These companies operate many stations across the country and have all types of generation in their portfolios.
There have been a few operator jobs advertised recently and if I'm not mistaken there's vacancies being advertised for turbine operators on www.seek.co.nz

Just reading your short intro, I'm fairly positive that a person of your experience and qualifications would be an ideal candidate for our team.
I am one of around 28 Power System Coordinators working at Transpower (NZ National Grid) and we manage the real time generation market matching the offered generation against the real time and forecast load with a solution that is the cheapest option for the country and we also manage the real time reactive control across the grid to maintain statutory voltages. We also manage the overall electrical security of the national grid to ensure it is always operating as efficiently and secure as possible.
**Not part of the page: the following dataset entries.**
lemma lower_op_var_sum_mult_single:
  assumes "finite S"
  shows "lower_op S a (var_sum S * Poly_Mapping.single m 1) =
         var_sum S * lower_mon S a m + Poly_Mapping.single m (sl2_weight S a (deg_in S m) :: 'a::comm_ring_1)"
proof -
  have L: "var_sum S * Poly_Mapping.single m (1::'a) = (\<Sum>j\<in>S. Poly_Mapping.single (var_exp j + m) 1)"
    by (simp add: var_sum_def sum_distrib_right mvar_eq_single mult_single)
  have lhs: "lower_op S a (var_sum S * Poly_Mapping.single m (1::'a)) =
      (\<Sum>j\<in>S. \<Sum>i\<in>S. Poly_Mapping.single (var_exp j + m - var_exp i) (lower_coeff a (var_exp j + m) i))"
    unfolding L lower_op_sum by (simp add: lower_op_single lower_mon_def)
  have "var_sum S * lower_mon S a m =
      (\<Sum>i\<in>S. \<Sum>j\<in>S. Poly_Mapping.single (var_exp j + (m - var_exp i)) (lower_coeff a m i :: 'a))"
    by (simp add: var_sum_def lower_mon_def sum_distrib_right sum_distrib_left mvar_eq_single mult_single)
  also have "\<dots> = (\<Sum>j\<in>S. \<Sum>i\<in>S. Poly_Mapping.single (var_exp j + (m - var_exp i)) (lower_coeff a m i :: 'a))"
    by (rule sum.swap)
  finally have rhs1: "var_sum S * lower_mon S a m =
      (\<Sum>j\<in>S. \<Sum>i\<in>S. Poly_Mapping.single (var_exp j + (m - var_exp i)) (lower_coeff a m i :: 'a))" .
  have diag: "(\<Sum>j\<in>S. \<Sum>i\<in>S. (if i = j then Poly_Mapping.single m
        (of_nat a - 1 - 2 * of_nat (Poly_Mapping.lookup m i)) else 0)) =
      (\<Sum>j\<in>S. Poly_Mapping.single m (of_nat a - 1 - 2 * of_nat (Poly_Mapping.lookup m j) :: 'a))"
    by (rule sum.cong) (auto simp: assms)
  have weight: "(\<Sum>j\<in>S. Poly_Mapping.single m (of_nat a - 1 - 2 * of_nat (Poly_Mapping.lookup m j) :: 'a)) =
      Poly_Mapping.single m (sl2_weight S a (deg_in S m))"
    unfolding single_sum[symmetric]
    by (simp add: sl2_weight_def deg_in_def sum_subtractf sum_distrib_left assms)
  show ?thesis
    unfolding lhs rhs1 lower_term_var_exp_add sum.distrib diag weight ..
qed

lemma lower_op_var_sum_mult:
  assumes "finite S" "homog_in S k h"
  shows "lower_op S a (var_sum S * h) =
         var_sum S * lower_op S a h + mpoly_smult (sl2_weight S a k) (h :: 'a::comm_ring_1 mpoly)"
proof -
  have "\<forall>m\<in>Poly_Mapping.keys h. deg_in S m = k"
    using assms by (simp add: homog_in_def)
  then show ?thesis
  proof (induction h rule: mpoly_induct_keys)
    case (single m c)
    have s: "Poly_Mapping.single m c = mpoly_smult c (Poly_Mapping.single m (1::'a))"
      by (simp add: mult_single)
    have "lower_op S a (var_sum S * Poly_Mapping.single m c) =
          mpoly_smult c (lower_op S a (var_sum S * Poly_Mapping.single m 1))"
      unfolding s by (simp add: lower_op_smult[symmetric] mult.left_commute)
    also have "\<dots> = mpoly_smult c (var_sum S * lower_mon S a m + Poly_Mapping.single m (sl2_weight S a k))"
      by (subst lower_op_var_sum_mult_single[OF assms(1)]) (simp add: single)
    also have "\<dots> = var_sum S * lower_op S a (Poly_Mapping.single m c) +
                   mpoly_smult (sl2_weight S a k) (Poly_Mapping.single m c)"
      by (simp add: lower_op_single distrib_left mult.left_commute mult_single mult.commute)
    finally show ?case .
  qed (simp_all add: lower_op_add distrib_left distrib_right)
qed

lemma lower_op_var_sum_pow_mult:
  assumes "finite S" "homog_in S k (h :: 'a::comm_ring_1 mpoly)"
  shows "lower_op S a (var_sum S ^ s * h) = var_sum S ^ s * lower_op S a h
           + mpoly_smult (of_nat s * (sl2_weight S a k - of_nat s + 1)) (var_sum S ^ (s - 1) * h)"
proof (induction s)
  case (Suc s)
  let ?L = "var_sum S :: 'a mpoly"
  define c where "c = (of_nat s * (sl2_weight S a k - of_nat s + 1) :: 'a)"
  have hs: "homog_in S (k + s) (?L ^ s * h)"
    using homog_in_mult[OF homog_in_pow[OF homog_in_var_sum[OF assms(1) order_refl], of s] assms(2)]
    by (simp add: add.commute)
  have shift: "?L * mpoly_smult c (?L ^ (s - 1) * h) = mpoly_smult c (?L ^ s * h)"
    by (cases s) (simp_all add: c_def mult.left_commute)
  have coeff: "c + sl2_weight S a (k + s) = of_nat (Suc s) * (sl2_weight S a k - of_nat (Suc s) + 1)"
    by (simp add: c_def sl2_weight_def algebra_simps)
  have "lower_op S a (?L ^ Suc s * h) = lower_op S a (?L * (?L ^ s * h))"
    by (simp add: mult.assoc)
  also have "\<dots> = ?L * lower_op S a (?L ^ s * h) + mpoly_smult (sl2_weight S a (k + s)) (?L ^ s * h)"
    by (rule lower_op_var_sum_mult[OF assms(1) hs])
  also have "\<dots> = ?L ^ Suc s * lower_op S a h +
      (mpoly_smult c (?L ^ s * h) + mpoly_smult (sl2_weight S a (k + s)) (?L ^ s * h))"
    using Suc.IH shift by (simp add: c_def distrib_left mult.assoc)
  also have "\<dots> = ?L ^ Suc s * lower_op S a h +
      mpoly_smult (of_nat (Suc s) * (sl2_weight S a k - of_nat (Suc s) + 1)) (?L ^ (Suc s - 1) * h)"
    by (simp only: mpoly_smult_add_left coeff diff_Suc_1)
  finally show ?case .
qed simp

section \<open>Cancelling powers of a sum of variables\<close>

definition sl2_stable :: "nat set \<Rightarrow> nat \<Rightarrow> 'a::field mpoly set \<Rightarrow> bool" where
  "sl2_stable S a Q \<longleftrightarrow>
     mpoly.subspace Q \<and> (\<forall>p\<in>Q. var_sum S * p \<in> Q) \<and> (\<forall>p\<in>Q. lower_op S a p \<in> Q)"

lemma sl2_stable_var_sum_pow_mult:
  assumes "sl2_stable S a Q" "p \<in> Q"
  shows "var_sum S ^ j * p \<in> Q"
  using assms by (induction j) (auto simp: sl2_stable_def mult.assoc)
We are always on the lookout for people with your type of background. I was a senior transmission control engineer in the UK before coming to NZ and many of my colleagues have a similar background being ex operators or ex controllers from the US, Canada, Philippines, SA and a few kiwi's.
I can vouch for the company and the training as being excellent and we are in the top 5% of industry earners.
If you feel this direction could be for you then please let me know and I can introduce you to our recruitment consultant who deals with all the engineering recruitment for Transpower.

As I said www.seek.co.nz is a good site to look for jobs and also RobLaw Max Recruitment is a decent agent that specialises in engineering roles (although doesn't manage Transpower).

You can't get any special visa to make it easier to get a job in the industry.
Electrical workers of certain types need to be registered with the EWRB but shouldn't apply to you as your work doesn't directly affect the public.

You will of course need a work visa to allow you to come to NZ and live / work.
This can be a temporary visa or a permanent visa. I'm sure you would qualify for a Resident Visa which allows you to remain permanently.
F you are interested in my offer above I'd leave the visa process but just read the requirements for the Temporary Working Visa.
If you did manage to be offered a role with Transpower, this offer would allow you to get a temporary work visa within days so you could be in NZ in a matter of weeks depending of there's a job available of course.
You could then apply for a more permanent visa whilst here before the Temp visa runs out.

Have a think. Always around on the forum. Send me a pm if you're able to (have to have sent min 5 posts).

Regards,


----------



## inhamilton (Jun 10, 2011)

Escapedtonz ... your replies are always so detailed and helpful!!


----------